Dataset entries
theorem theorem3p16:
  fixes X :: "'a::metric_space set" and Y :: "'b::metric_space set"
    and f :: "nat \<Rightarrow> 'a \<Rightarrow> 'a" and g :: "nat \<Rightarrow> 'b \<Rightarrow> 'b" and h :: "'a \<Rightarrow> 'b"
  assumes "compact X" and "compact Y"
    and "\<And>n. 1 \<le> n \<Longrightarrow> continuous_on X (f n) \<and> f n ` X \<subseteq> X"
    and "\<And>n. 1 \<le> n \<Longrightarrow> continuous_on Y (g n) \<and> g n ` Y \<subseteq> Y"
    and "continuous_on X h" and "h ` X = Y"
    and "\<And>n x. 1 \<le> n \<Longrightarrow> x \<in> X \<Longrightarrow> g n (h x) = h (f n x)"
  shows "(\<exists>\<Phi>. continuous_map (subtopology (pw_top X) (enveloping X f))
                               (subtopology (pw_top Y) (enveloping Y g)) \<Phi>
             \<and> \<Phi> ` enveloping X f = enveloping Y g)
       \<and> ((\<exists>h'. homeomorphism X Y h h') \<longrightarrow>
          (\<exists>H. homeomorphic_map (subtopology (pw_top X) (enveloping X f))
                                 (subtopology (pw_top Y) (enveloping Y g)) H
               \<and> (\<forall>p\<in>beta_nat. H (ulim_map X f p) = ulim_map Y g p)))"
proof (intro conjI impI)
  have fX: "\<And>n. 1 \<le> n \<Longrightarrow> f n ` X \<subseteq> X" and gY: "\<And>n. 1 \<le> n \<Longrightarrow> g n ` Y \<subseteq> Y"
    using assms(3,4) by auto
  have "\<And>y. y \<in> Y \<Longrightarrow> inv_into X h y \<in> X \<and> h (inv_into X h y) = y"
    using assms(6) by (auto intro: inv_into_into f_inv_into_f)
  then show "\<exists>\<Phi>. continuous_map (subtopology (pw_top X) (enveloping X f))
                    (subtopology (pw_top Y) (enveloping Y g)) \<Phi> \<and> \<Phi> ` enveloping X f = enveloping Y g"
    using continuous_map_enveloping[of X f h Y g "inv_into X h",
        OF assms(1) fX assms(5) equalityD1[OF assms(6)] assms(7)] by blast
  assume "\<exists>h'. homeomorphism X Y h h'"
  then obtain h' where hom: "homeomorphism X Y h h'" by blast
  then have "\<And>y. y \<in> Y \<Longrightarrow> h' y \<in> X \<and> h (h' y) = y"
    using homeomorphism_image2 homeomorphism_apply2 by blast
  then have "\<forall>p\<in>beta_nat. conj_map Y h h' (ulim_map X f p) = ulim_map Y g p"
    using conj_map_ulim_map[of X f h g Y h', OF assms(1) fX assms(5,7)] by (simp add: beta_nat_def)
  with homeomorphic_map_enveloping[of X Y h h' f g, OF assms(1,2) hom fX gY assms(7)]
  show "\<exists>H. homeomorphic_map (subtopology (pw_top X) (enveloping X f))
          (subtopology (pw_top Y) (enveloping Y g)) H
        \<and> (\<forall>p\<in>beta_nat. H (ulim_map X f p) = ulim_map Y g p)" by blast
qed

end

**WORK REQUEST**
Go over the records above and tally the lines with the word "auto" in them. Give the number alone.

**EXERCISE ANSWER**
2